In cases of sacroiliitis, edema is most prominent immediately adjacent to the sacroiliac joints, which will also typically exhibit a distinctly abnormal joint space. The edema of insufficiency fractures is generally farther removed, at the mid sacral ala or along the sacral foramina.

Although MRI is diagnostic in the presence of a sacral stress fracture, if any doubt remains, thin-section CT or radionuclide bone scan can be used for confirmation. If a CT is performed, coronal and/or sagittal CT reconstructions may be helpful for the detection of a horizontal fracture component.

Clinical Presentation

Sacral stress fractures are most commonly seen in elderly postmenopausal women with osteoporosis. They can also be found in patients that have undergone pelvic radiation therapy. As mentioned above, sacral stress fractures may also present in younger patients, particularly female long-distance runners. These fractures are likely underdiagnosed as a cause of back pain in long-distance running athletes.3

Symptoms are often nonspecific, with low back, buttock, or hip pain, exacerbated with weight bearing, occasionally rendering the patient unable to walk. The pain may be of gradual onset or may develop acutely following minor trauma.

The consequences of sacral stress fractures include chronic pain and disability, as well as development of additional fractures of the pelvic ring, particularly pubic. Neurologic complications of sacral stress fractures are very rare7, in contrast to sacral fractures of acute traumatic origin.

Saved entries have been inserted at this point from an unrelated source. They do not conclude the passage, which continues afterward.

lemma quasi_decomp_comp:
  assumes ch: "\<forall>G\<in>Ofr. channel n G" and cl: "closed_under_comp Ofr"
    and r1: "quasi_decomp n Ofr c1 \<Phi>1" and r2: "quasi_decomp n Ofr c2 \<Phi>2"
  shows "quasi_decomp n Ofr (c1 * c2) (\<Phi>1 \<circ> \<Phi>2)"
proof -
  let ?d = "qdim n"
  obtain L1 where L1: "set (map snd L1) \<subseteq> Ofr" "sum_list (map fst L1) = 1" "sum_list (map (\<lambda>p. \<bar>fst p\<bar>) L1) \<le> c1"
    "\<forall>X\<in>carrier_mat ?d ?d. \<Phi>1 X \<in> carrier_mat ?d ?d \<and> (\<forall>r<?d. \<forall>s<?d. \<Phi>1 X $$ (r, s) = lin_comb L1 X (r, s))"
    using r1 unfolding quasi_decomp_def by blast
  obtain L2 where L2: "set (map snd L2) \<subseteq> Ofr" "sum_list (map fst L2) = 1" "sum_list (map (\<lambda>p. \<bar>fst p\<bar>) L2) \<le> c2"
    "\<forall>X\<in>carrier_mat ?d ?d. \<Phi>2 X \<in> carrier_mat ?d ?d \<and> (\<forall>r<?d. \<forall>s<?d. \<Phi>2 X $$ (r, s) = lin_comb L2 X (r, s))"
    using r2 unfolding quasi_decomp_def by blast
  show ?thesis unfolding quasi_decomp_def
  proof (intro exI[of _ "comp_lin_comb L1 L2"] conjI ballI allI impI)
    show "set (map snd (comp_lin_comb L1 L2)) \<subseteq> Ofr"
    proof
      fix G assume "G \<in> set (map snd (comp_lin_comb L1 L2))"
      then obtain q p where "q \<in> set L1" "p \<in> set L2" "G = snd q \<circ> snd p"
        by (auto simp: comp_lin_comb_def)
      then show "G \<in> Ofr" using L1(1) L2(1) cl unfolding closed_under_comp_def by auto
    qed
    show "sum_list (map fst (comp_lin_comb L1 L2)) = 1"
      using L1(2) L2(2) by (simp add: sum_list_fst_comp_lin_comb)
    show "sum_list (map (\<lambda>p. \<bar>fst p\<bar>) (comp_lin_comb L1 L2)) \<le> c1 * c2"
      unfolding sum_list_abs_fst_comp_lin_comb
      using L1(3) L2(3) sum_list_abs_fst_nonneg[of L1] sum_list_abs_fst_nonneg[of L2]
      by (intro mult_mono) auto
    fix X :: "complex mat" assume X: "X \<in> carrier_mat ?d ?d"
    then have X2: "\<Phi>2 X \<in> carrier_mat ?d ?d" using L2(4) by blast
    then show "(\<Phi>1 \<circ> \<Phi>2) X \<in> carrier_mat ?d ?d" using L1(4) by auto
    fix r s assume r: "r < ?d" and s: "s < ?d"
    have "(\<Phi>1 \<circ> \<Phi>2) X $$ (r, s) = lin_comb L1 (\<Phi>2 X) (r, s)" using L1(4) X2 r s by simp
    also have "\<dots> = lin_comb (comp_lin_comb L1 L2) X (r, s)"
      using L2(4) X by (intro lin_comb_comp[OF ch L1(1) L2(1) X X2 _ r s]) blast
    finally show "(\<Phi>1 \<circ> \<Phi>2) X $$ (r, s) = lin_comb (comp_lin_comb L1 L2) X (r, s)" .
  qed
qed

lemma in_conv_lin_comb:
  assumes "in_conv n Ofr F"
  shows "\<exists>L. set (map snd L) \<subseteq> Ofr \<and> (\<forall>p\<in>set L. fst p \<ge> 0) \<and> sum_list (map fst L) = 1 \<and>
     (\<forall>X\<in>carrier_mat (qdim n) (qdim n). \<forall>r<qdim n. \<forall>s<qdim n. F X $$ (r, s) = lin_comb L X (r, s))"
proof -
  obtain N :: nat and w :: "nat \<Rightarrow> real" and G :: "nat \<Rightarrow> superop" where h: "\<forall>i<N. G i \<in> Ofr \<and> w i \<ge> 0" "(\<Sum>i<N. w i) = 1"
    "\<forall>X \<in> carrier_mat (qdim n) (qdim n).
       F X = mat (qdim n) (qdim n) (\<lambda>(r, c). \<Sum>i<N. complex_of_real (w i) * (G i X $$ (r, c)))"
    using assms[unfolded in_conv_def] by blast
  define L where "L = map (\<lambda>i. (w i, G i)) [0..<N]"
  show ?thesis
  proof (intro exI[of _ L] conjI ballI allI impI)
    show "set (map snd L) \<subseteq> Ofr" "\<And>p. p \<in> set L \<Longrightarrow> fst p \<ge> 0" using h(1) by (auto simp: L_def)
    show "sum_list (map fst L) = 1" using h(2)
      by (simp add: L_def o_def interv_sum_list_conv_sum_set_nat atLeast0LessThan)
    fix X :: "complex mat" and r s
    assume "X \<in> carrier_mat (qdim n) (qdim n)" "r < qdim n" "s < qdim n"
    then show "F X $$ (r, s) = lin_comb L X (r, s)"
      using h(3) by (simp add: L_def lin_comb_def o_def interv_sum_list_conv_sum_set_nat atLeast0LessThan)
  qed
qed

text \<open>If \<open>(\<Phi> + l \<Phi>') / (1 + l)\<close> and \<open>\<Phi>'\<close> are convex combinations of free channels, then
  \<open>\<Phi> = (1 + l) (\<Phi> + l \<Phi>') / (1 + l) - l \<Phi>'\<close> has negativity \<open>(1 + l) + l\<close>.\<close>

lemma quasi_decomp_of_mix:
  assumes car: "\<forall>X\<in>carrier_mat (qdim n) (qdim n). \<Phi> X \<in> carrier_mat (qdim n) (qdim n)"
    and l: "l \<ge> 0" and conv: "in_conv n Ofr \<Phi>'" and conv_mix: "in_conv n Ofr (mix n \<Phi> l \<Phi>')"
  shows "quasi_decomp n Ofr (1 + 2 * l) \<Phi>"
proof -
  let ?d = "qdim n"
  obtain LA where LA: "set (map snd LA) \<subseteq> Ofr" "\<forall>p\<in>set LA. fst p \<ge> 0" "sum_list (map fst LA) = 1"
    "\<forall>X\<in>carrier_mat ?d ?d. \<forall>r<?d. \<forall>s<?d. mix n \<Phi> l \<Phi>' X $$ (r, s) = lin_comb LA X (r, s)"
    using in_conv_lin_comb[OF conv_mix] by blast
  obtain LB where LB: "set (map snd LB) \<subseteq> Ofr" "\<forall>p\<in>set LB. fst p \<ge> 0" "sum_list (map fst LB) = 1"
    "\<forall>X\<in>carrier_mat ?d ?d. \<forall>r<?d. \<forall>s<?d. \<Phi>' X $$ (r, s) = lin_comb LB X (r, s)"
    using in_conv_lin_comb[OF conv] by blast
  define L where "L = map (\<lambda>p. ((1 + l) * fst p, snd p)) LA @ map (\<lambda>p. (- l * fst p, snd p)) LB"
  show ?thesis unfolding quasi_decomp_def
  proof (intro exI[of _ L] conjI ballI allI impI)
    show "set (map snd L) \<subseteq> Ofr" using LA(1) LB(1) by (auto simp: L_def)
    show "sum_list (map fst L) = 1"
      by (simp only: L_def map_append sum_list_append sum_list_fst_scale LA(3) LB(3)) simp
    show "sum_list (map (\<lambda>p. \<bar>fst p\<bar>) L) \<le> 1 + 2 * l"
      by (simp only: L_def map_append sum_list_append sum_list_abs_fst_scale sum_list_abs_fst_eq[OF LA(2)]
          sum_list_abs_fst_eq[OF LB(2)] LA(3) LB(3)) (use l in simp)
    fix X :: "complex mat" assume X: "X \<in> carrier_mat ?d ?d"
    then show "\<Phi> X \<in> carrier_mat ?d ?d" using car by blast
    fix r s assume r: "r < ?d" and s: "s < ?d"
    have "mix n \<Phi> l \<Phi>' X $$ (r, s)
        = (\<Phi> X $$ (r, s) + complex_of_real l * \<Phi>' X $$ (r, s)) / complex_of_real (1 + l)"
      using r s by (simp add: mix_def)
    then have "\<Phi> X $$ (r, s) = complex_of_real (1 + l) * lin_comb LA X (r, s) - complex_of_real l * lin_comb LB X (r, s)"
      using LA(4) LB(4) X r s l by (simp add: field_simps del: of_real_add)
    also have "\<dots> = lin_comb L X (r, s)"
      unfolding L_def lin_comb_append lin_comb_scale[of "1 + l" snd] lin_comb_scale[of "- l" snd] by simp
    finally show "\<Phi> X $$ (r, s) = lin_comb L X (r, s)" .
  qed
qed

Treatment of sacral stress fractures usually consists of conservative measures, including pain control, limited weight-bearing, and gradual physical rehabilitation. Healing is typically achieved within four months. A new more aggressive approach that offers a significant reduction in recovery time is the percutaneous sacroplasty, although the merits and consequences of this procedure remain under evaluation.8


Chronic back pain poses a significant diagnostic and therapeutic challenge, particularly in elderly patients with multiple spinal abnormalities. MRI is an effective tool for the identification of most of the underlying causes. Of these causes, sacral insufficiency fractures are an occasionally subtle but important diagnosis, and one that can be reliably made on lumbar examinations by the careful MRI reader.

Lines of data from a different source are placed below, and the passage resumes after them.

lemma N_adj_poly_root:
  assumes "2 \<le> k" "k < n"
  shows "\<exists>l. real n - 1 < l \<and> l < real n \<and> N_adj_poly n k l = 0"
proof (rule continuous_sign_change_root)
  show "N_adj_poly n k (real n - 1) < 0"
    using assms unfolding N_adj_poly_def by (simp add: algebra_simps power2_eq_square[symmetric])
  have "N_adj_poly n k (real n) = (real n - real k) * (real n + real k - 1)"
    unfolding N_adj_poly_def by (simp add: algebra_simps)
  then show "N_adj_poly n k (real n) > 0"
    using assms by simp
  show "continuous_on {real n - 1..real n} (N_adj_poly n k)"
    unfolding N_adj_poly_def by (intro continuous_intros)
qed simp

lemma eigenvalue_adj_N_graph_of_root:
  assumes k: "2 \<le> k" "k < n" and l: "real n - 1 < l" "N_adj_poly n k l = 0"
  shows "eigenvalue (adj_mat (2*n) (N_graph n (k - 2))) l"
proof -
  define h where "h \<beta> = (if \<beta> = 0 \<or> \<beta> = 3 then (real k - 1) * (l - 1)
     else if \<beta> = 1 \<or> \<beta> = 4 then (l - (real n - real k)) * (l - 1)
     else (real k - 1) * (l - (real n - real k)))" for \<beta> :: nat
  have h_sym: "h 3 = h 0" "h 4 = h 1" "h 5 = h 2" by (simp_all add: h_def)
  have rows: "(real n - real k) * h 0 + (real k - 1) * h 1 = l * h 0"
    "(real n - real k) * h 0 + (real k - 1) * h 1 + h 2 = l * h 1"
    "(real k - 1) * h 1 + h 2 = l * h 2"
    using l(2) unfolding h_def N_adj_poly_def by (simp_all add: algebra_simps)
  let ?A = "adj_mat (2*n) (N_graph n (k - 2))"
  have "(?A *\<^sub>v vec (2*n) (\<lambda>j. h (N_part n k j))) $ i = l * h (N_part n k i)" if "i < 2*n" for i
    using N_part_cases[of n k i] that k rows
    by (elim disjE) (simp_all add: adj_N_graph_mult_part_vec h_sym)
  moreover have "h 1 \<noteq> 0" using l k unfolding h_def by simp
  moreover have "N_part n k (n - k) = 1" using k by (simp add: N_part_def)
  ultimately show ?thesis
    using k by (intro eigenvalue_vecI[where N = "2*n" and g = "\<lambda>j. h (N_part n k j)" and j = "n - k"]) auto
qed

lemma rho_N_graph_gt:
  assumes "2 \<le> k" "k < n"
  shows "rho (2*n) (N_graph n (k - 2)) > real n - 1"
proof -
  obtain l where l: "real n - 1 < l" "N_adj_poly n k l = 0"
    using N_adj_poly_root[OF assms] by blast
  have "l \<le> rho (2*n) (N_graph n (k - 2))"
    unfolding rho_def using eigenvalue_adj_N_graph_of_root[OF assms l]
    by (intro eigenvalue_le_largest_eigenvalue[of _ "2*n"]) simp_all
  with l show ?thesis by simp
qed

section \<open>Signless Laplacian spectral radii\<close>

text \<open>Characteristic polynomials of the quotient matrices of Q(N), on vectors taking the same value
  on X_i and Y_i, and of Q(M) for the partition X1, X2, Y1, Y2.\<close>
definition N_signless_poly :: "nat \<Rightarrow> nat \<Rightarrow> real \<Rightarrow> real" where
  "N_signless_poly n k x =
     (x - real n - (real k - 1)) * (x - (real n - 1) - (real n - real k)) * (x - real k - 1)
     - (real n - real k) * (real k - 1) * (x - real k - 1)
     - (real k - 1) * (x - (real n - 1) - (real n - real k))"

definition M_signless_poly :: "nat \<Rightarrow> nat \<Rightarrow> real \<Rightarrow> real" where
  "M_signless_poly n k x =
     (x - real n) * ((x - real n) * (x - real k) - 2 * real k) * (x - real n + 2)
     - (real n - 2) * ((real n - real k) * ((x - real n) * (x - real k) - 2 * real k)
                       + real k * (x - real k) * (x - real n + 2))"

lemma M_signless_poly_eq:
  "M_signless_poly n k x = x * N_signless_poly n k x + x * (x - real n) * (x - 2 * real n)"
  unfolding M_signless_poly_def N_signless_poly_def by (simp add: algebra_simps)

References and Additional Reading

1 Stroebel RJ, Ginzburg WW, McLeod RA. Sacral insufficiency fractures: an often unsuspected cause of low back pain. J Rheumatol 1991;18: 117-119.

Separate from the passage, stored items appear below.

(* Let $W\in L^\infty$ and $\lambda=(\lambda_1,\dots,\lambda_T)\in\mathbb{R}_+^T\setminus\{0\}$. (a) If $(X_t)_{t\in\mathbb{T}}\in\mathcal{A}(W)$ solves Problem $\mathrm{P}_\lambda$, then $(\lambda_t u_t'(\tilde X_t))_{t\in\mathbb{T}}$ is an $(\mathcal{F}_t)$-martingale. (b) If Problem $\mathrm{P}_\lambda$ has a solution, then $\lambda\in(0,\infty)^T$.
   Context: Let $T\ge 1$ be an integer and $\mathbb{T}=\{1,\dots,T\}$. Let $(\Omega,\mathcal{F},(\mathcal{F}_t)_{t\in\{0,1,\dots,T\}},P)$ be a filtered probability space and $L^{\infty}=L^{\infty}(\Omega,\mathcal{F}_T,P)$. Let $(r_t)_{t\in\mathbb{T}}$ be a bounded, nonnegative, predictable process ($r_t$ is $\mathcal{F}_{t-1}$-measurable), $B_0=1$, $B_t=\prod_{k=1}^t(1+r_k)$, and for a process $(X_t)$ write $\tilde X_t=X_t/B_t$. For $W\in L^\infty$, $\mathcal{A}(W)$ is the set of $(\mathcal{F}_t)$-adapted processes $(Y_t)_{t\in\mathbb{T}}$ with $Y_t\in L^\infty$ for all $t$ and $\sum_{t\in\mathbb{T}}\tilde Y_t=W$ a.s. For each $t\in\mathbb{T}$, $u_t:\mathbb{R}\to\mathbb{R}$ is strictly concave, $C^1$, with $u_t'(x)>0$ for all $x$. For $\lambda\in\mathbb{R}_+^T\setminus\{0\}$, Problem $\mathrm{P}_\lambda$ is: maximize $\sum_{t\in\mathbb{T}}\lambda_tE[u_t(\tilde Y_t)]$ over $(Y_t)\in\mathcal{A}(W)$; a solution is an element of $\mathcal{A}(W)$ attaining the maximum. *)

theory Defs
  imports "HOL-Analysis.Analysis" "HOL-Probability.Probability"
begin

definition strictly_concave :: "(real \<Rightarrow> real) \<Rightarrow> bool" where
  "strictly_concave f \<longleftrightarrow>
     (\<forall>x y (a::real). x \<noteq> y \<and> 0 < a \<and> a < 1 \<longrightarrow>
        a * f x + (1 - a) * f y < f (a * x + (1 - a) * y))"

text \<open>Essentially bounded random variables measurable w.r.t. a sigma algebra G
  (elements of L-infinity(Omega, G, P), represented by functions).\<close>
definition Linf :: "'a measure \<Rightarrow> 'a measure \<Rightarrow> ('a \<Rightarrow> real) set" where
  "Linf M G = {Y. Y \<in> borel_measurable G \<and> (\<exists>C. AE x in M. \<bar>Y x\<bar> \<le> C)}"

definition bank :: "(nat \<Rightarrow> 'a \<Rightarrow> real) \<Rightarrow> nat \<Rightarrow> 'a \<Rightarrow> real" where
  "bank r t x = (\<Prod>k\<in>{1..t}. 1 + r k x)"

definition disc :: "(nat \<Rightarrow> 'a \<Rightarrow> real) \<Rightarrow> (nat \<Rightarrow> 'a \<Rightarrow> real) \<Rightarrow> nat \<Rightarrow> 'a \<Rightarrow> real" where
  "disc r X t x = X t x / bank r t x"

definition admissible ::
  "'a measure \<Rightarrow> (nat \<Rightarrow> 'a measure) \<Rightarrow> nat \<Rightarrow> (nat \<Rightarrow> 'a \<Rightarrow> real) \<Rightarrow> ('a \<Rightarrow> real)
   \<Rightarrow> (nat \<Rightarrow> 'a \<Rightarrow> real) set" where
  "admissible M F T r W =
     {Y. (\<forall>t\<in>{1..T}. Y t \<in> borel_measurable (F t) \<and> Y t \<in> Linf M (F T)) \<and>
         (AE x in M. (\<Sum>t\<in>{1..T}. disc r Y t x) = W x)}"

definition objective ::
  "'a measure \<Rightarrow> nat \<Rightarrow> (nat \<Rightarrow> real) \<Rightarrow> (nat \<Rightarrow> real \<Rightarrow> real) \<Rightarrow> (nat \<Rightarrow> 'a \<Rightarrow> real)
   \<Rightarrow> (nat \<Rightarrow> 'a \<Rightarrow> real) \<Rightarrow> real" where
  "objective M T lam u r Y = (\<Sum>t\<in>{1..T}. lam t * (\<integral>x. u t (disc r Y t x) \<partial>M))"

definition solves_P ::
  "'a measure \<Rightarrow> (nat \<Rightarrow> 'a measure) \<Rightarrow> nat \<Rightarrow> (nat \<Rightarrow> 'a \<Rightarrow> real) \<Rightarrow> ('a \<Rightarrow> real)
   \<Rightarrow> (nat \<Rightarrow> real) \<Rightarrow> (nat \<Rightarrow> real \<Rightarrow> real) \<Rightarrow> (nat \<Rightarrow> 'a \<Rightarrow> real) \<Rightarrow> bool" where
  "solves_P M F T r W lam u X \<longleftrightarrow>
     X \<in> admissible M F T r W \<and>
     (\<forall>Y\<in>admissible M F T r W. objective M T lam u r Y \<le> objective M T lam u r X)"

definition martingale_on ::
  "'a measure \<Rightarrow> (nat \<Rightarrow> 'a measure) \<Rightarrow> nat set \<Rightarrow> (nat \<Rightarrow> 'a \<Rightarrow> real) \<Rightarrow> bool" where
  "martingale_on M F I Z \<longleftrightarrow>
     (\<forall>t\<in>I. Z t \<in> borel_measurable (F t) \<and> integrable M (Z t)) \<and>
     (\<forall>s\<in>I. \<forall>t\<in>I. s \<le> t \<longrightarrow> (AE x in M. real_cond_exp M (F s) (Z t) x = Z s x))"

end

theory Submission
  imports Defs
begin

(*
  Idea: let X solve Problem P_lambda, let s and t be two periods and A an event
  observable at both times.  Moving e units of discounted consumption from period s
  to period t on A (and compensating with the bank account B) gives another plan in
  A(W).  Optimality of X, together with the tangent inequality for the concave
  utilities, yields for every e > 0
      lam_t E[1_A u_t'(X~_t + e 1_A)] <= lam_s E[1_A u_s'(X~_s - e 1_A)],
  and dominated convergence (e -> 0) gives lam_t E[1_A u_t'(X~_t)] <= lam_s E[1_A u_s'(X~_s)].
  Exchanging s and t turns this into an equality.  For s <= t and A in F_s this is
  exactly the martingale property of lam_t u_t'(X~_t); taking A = Omega shows that
  lam_t E[u_t'(X~_t)] does not depend on t, and since u_t' > 0 and some lam_t is
  nonzero, all lam_t are positive.
*)

section \<open>Concave functions and bounded integrands\<close>

lemma strictly_concave_tangent:
  fixes f :: "real \<Rightarrow> real"
  assumes sc: "strictly_concave f" and d: "f differentiable (at y)"
  shows "deriv f y * (y - x) \<le> f y - f x"
proof -
  have convex: "convex_on UNIV (\<lambda>z. - f z)"
  proof (rule convex_onI)
    fix a x y :: real assume a: "0 < a" "a < 1"
    show "- f ((1 - a) *\<^sub>R x + a *\<^sub>R y) \<le> (1 - a) * - f x + a * - f y"
    proof (cases "x = y")
      case False
      then have "(1 - a) * f x + (1 - (1 - a)) * f y < f ((1 - a) * x + (1 - (1 - a)) * y)"
        using sc[unfolded strictly_concave_def, rule_format, of x y "1 - a"] a by auto
      then show ?thesis by (simp add: algebra_simps)
    qed (simp add: algebra_simps)
  qed simp
  have "((\<lambda>z. - f z) has_field_derivative - deriv f y) (at y within UNIV)"
    using d by (auto intro!: derivative_eq_intros simp: DERIV_deriv_iff_real_differentiable[symmetric])
  from convex_on_imp_above_tangent[OF convex _ _ _ this, of x] show ?thesis
    by (simp add: algebra_simps)
qed

lemma continuous_bounded_on_interval:
  fixes f :: "real \<Rightarrow> real"
  assumes "continuous_on UNIV f"
  obtains K where "\<And>z. \<bar>z\<bar> \<le> R \<Longrightarrow> \<bar>f z\<bar> \<le> K"
proof -
  have "compact (f ` cball 0 R)"
    by (rule compact_continuous_image) (auto intro: continuous_on_subset[OF assms])
  then obtain K where "\<And>z. z \<in> cball 0 R \<Longrightarrow> \<bar>f z\<bar> \<le> K"
    using compact_imp_bounded bounded_iff by (metis image_eqI real_norm_def)
  then show ?thesis using that by auto
qed

lemma integrable_continuous_of_bounded:
  fixes f :: "real \<Rightarrow> real"
  assumes "finite_measure M" and h: "h \<in> borel_measurable M"
    and bound: "AE x in M. \<bar>h x\<bar> \<le> C" and f: "continuous_on UNIV f"
  shows "integrable M (\<lambda>x. f (h x))"
proof -
  interpret finite_measure M by fact
  obtain K where K: "\<And>z. \<bar>z\<bar> \<le> C \<Longrightarrow> \<bar>f z\<bar> \<le> K"
    using continuous_bounded_on_interval[OF f] by blast
  have "AE x in M. norm (f (h x)) \<le> K" using bound by eventually_elim (auto intro: K)
  moreover have "(\<lambda>x. f (h x)) \<in> borel_measurable M"
    using f h by (intro measurable_compose[OF h] borel_measurable_continuous_onI)
  ultimately show ?thesis by (intro integrable_const_bound)
qed

lemma perturbed_integral_tendsto:
  fixes f :: "real \<Rightarrow> real" and g :: "'a \<Rightarrow> real"
  assumes "finite_measure M" and g[measurable]: "g \<in> borel_measurable M"
    and bound: "AE x in M. \<bar>g x\<bar> \<le> C" and f: "continuous_on UNIV f"
    and A[measurable]: "A \<in> sets M" and e: "e \<longlonglongrightarrow> 0" and e_le_1: "\<And>n. \<bar>e n\<bar> \<le> 1"
  shows "(\<lambda>n. \<integral>x. indicator A x * f (g x + e n * indicator A x) \<partial>M)
           \<longlonglongrightarrow> (\<integral>x. indicator A x * f (g x) \<partial>M)"
proof -
  interpret finite_measure M by fact
  have [measurable]: "f \<in> borel_measurable borel"
    using f by (rule borel_measurable_continuous_onI)
  obtain K where K: "\<And>z. \<bar>z\<bar> \<le> \<bar>C\<bar> + 1 \<Longrightarrow> \<bar>f z\<bar> \<le> K"
    using continuous_bounded_on_interval[OF f] by blast
  show ?thesis
  proof (rule integral_dominated_convergence[where w="\<lambda>_. K"])
    show "AE x in M. (\<lambda>n. indicator A x * f (g x + e n * indicator A x))
                       \<longlonglongrightarrow> indicator A x * f (g x)"
    proof (rule AE_I2)
      fix x
      have "(\<lambda>n. g x + e n * indicator A x) \<longlonglongrightarrow> g x + 0 * indicator A x"
        by (intro tendsto_intros e)
      then have "(\<lambda>n. f (g x + e n * indicator A x)) \<longlonglongrightarrow> f (g x)"
        using f by (auto intro: continuous_on_tendsto_compose)
      then show "(\<lambda>n. indicator A x * f (g x + e n * indicator A x)) \<longlonglongrightarrow> indicator A x * f (g x)"
        by (intro tendsto_intros)
    qed
    show "AE x in M. norm (indicator A x * f (g x + e n * indicator A x)) \<le> K" for n
      using bound
    proof eventually_elim
      case (elim x)
      have "\<bar>g x + e n * indicator A x\<bar> \<le> \<bar>C\<bar> + 1"
        using e_le_1[of n] elim by (auto simp: indicator_def)
      then have "\<bar>f (g x + e n * indicator A x)\<bar> \<le> K" by (rule K)
      moreover have "0 \<le> K" using K[of 0] by auto
      ultimately show ?case by (auto simp: indicator_def)
    qed
  qed auto
qed

lemma perturbed_utility_increment:
  fixes u :: "real \<Rightarrow> real" and g :: "'a \<Rightarrow> real"
  assumes "finite_measure M" and g[measurable]: "g \<in> borel_measurable M"
    and bound: "AE x in M. \<bar>g x\<bar> \<le> C" and A[measurable]: "A \<in> sets M"
    and conc: "strictly_concave u" and diff: "\<And>z. u differentiable (at z)"
    and C1: "continuous_on UNIV (deriv u)"
  shows "a * (\<integral>x. indicator A x * deriv u (g x + a * indicator A x) \<partial>M)
           \<le> (\<integral>x. u (g x + a * indicator A x) \<partial>M) - (\<integral>x. u (g x) \<partial>M)"
proof -
  have u_cont: "continuous_on UNIV u"
    by (rule differentiable_imp_continuous_on) (auto simp: differentiable_on_def diff)
  have bound_shift: "AE x in M. \<bar>g x + a * indicator A x\<bar> \<le> C + \<bar>a\<bar>"
    using bound by eventually_elim (auto simp: indicator_def)
  have "integrable M (\<lambda>x. deriv u (g x + a * indicator A x) * indicator A x)"
    using integrable_continuous_of_bounded[OF assms(1) _ bound_shift C1]
    by (intro integrable_real_mult_indicator[OF A]) auto
  then have int_deriv: "integrable M (\<lambda>x. a * (indicator A x * deriv u (g x + a * indicator A x)))"
    by (simp add: mult.commute)
  have int_shift: "integrable M (\<lambda>x. u (g x + a * indicator A x))"
    by (rule integrable_continuous_of_bounded[OF assms(1) _ bound_shift u_cont]) measurable
  have int_g: "integrable M (\<lambda>x. u (g x))"
    by (rule integrable_continuous_of_bounded[OF assms(1) g bound u_cont])
  have "a * (\<integral>x. indicator A x * deriv u (g x + a * indicator A x) \<partial>M)
      = (\<integral>x. a * (indicator A x * deriv u (g x + a * indicator A x)) \<partial>M)"
    by simp
  also have "\<dots> \<le> (\<integral>x. u (g x + a * indicator A x) - u (g x) \<partial>M)"
  proof (rule integral_mono[OF int_deriv Bochner_Integration.integrable_diff[OF int_shift int_g]])
    fix x
    show "a * (indicator A x * deriv u (g x + a * indicator A x))
            \<le> u (g x + a * indicator A x) - u (g x)"
      using strictly_concave_tangent[OF conc diff, of "g x + a * indicator A x" "g x"]
      by (simp add: algebra_simps)
  qed
  also have "\<dots> = (\<integral>x. u (g x + a * indicator A x) \<partial>M) - (\<integral>x. u (g x) \<partial>M)"
    using int_shift int_g by simp
  finally show ?thesis .
qed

2 De Smet AA, Neff JR. Pubic and sacral insufficiency fractures: clinical course and radiologic findings. AJR1985; 145:601 -606.

3 Major NM, Helms CA. Sacral stress fractures in long-distance runners. AJR Am J Roentgenol. 2000;174:727-729.

4 Johnson AW, Weiss CB Jr, Stento K, Wheeler DL. Stress fractures of the sacrum. An atypical cause of low back pain in the female athlete. Am J Sports Med. 2001;29:498-508.

5 Fredericson M, Salamancha L, Beaulieu C. Sacral stress fractures: tracking down nonspecific pain in distance runners. Physician Sportsmed. 2003;31:31-42.

6 Diel J, Ortiz O, Losada RA, Price DB, Hayt MW, Katz DS. The sacrum: pathologic spectrum, multimodality imaging, and subspecialty approach. RadioGraphics 2001;21:83-104.

7 Jacquot JM, Finiels H, Fardjad S, Belhassen S, Leroux JL, Plessier J. Neurological complications in insufficiency fractures of the sacrum. Three case reports. Rev Rhum (Engl Ed) 1999;66:109-14.

8 Whitlow CT, Mussat-Whitlow BJ, Mattern CWT, Baker MD, and Morris PP. Sacroplasty versus Vertebroplasty: Comparable Clinical Outcomes for the Treatment of Fracture-Related Pain. AJNR Am. J. Neuroradiol., August 1, 2007; 28(7): 1266 – 1270.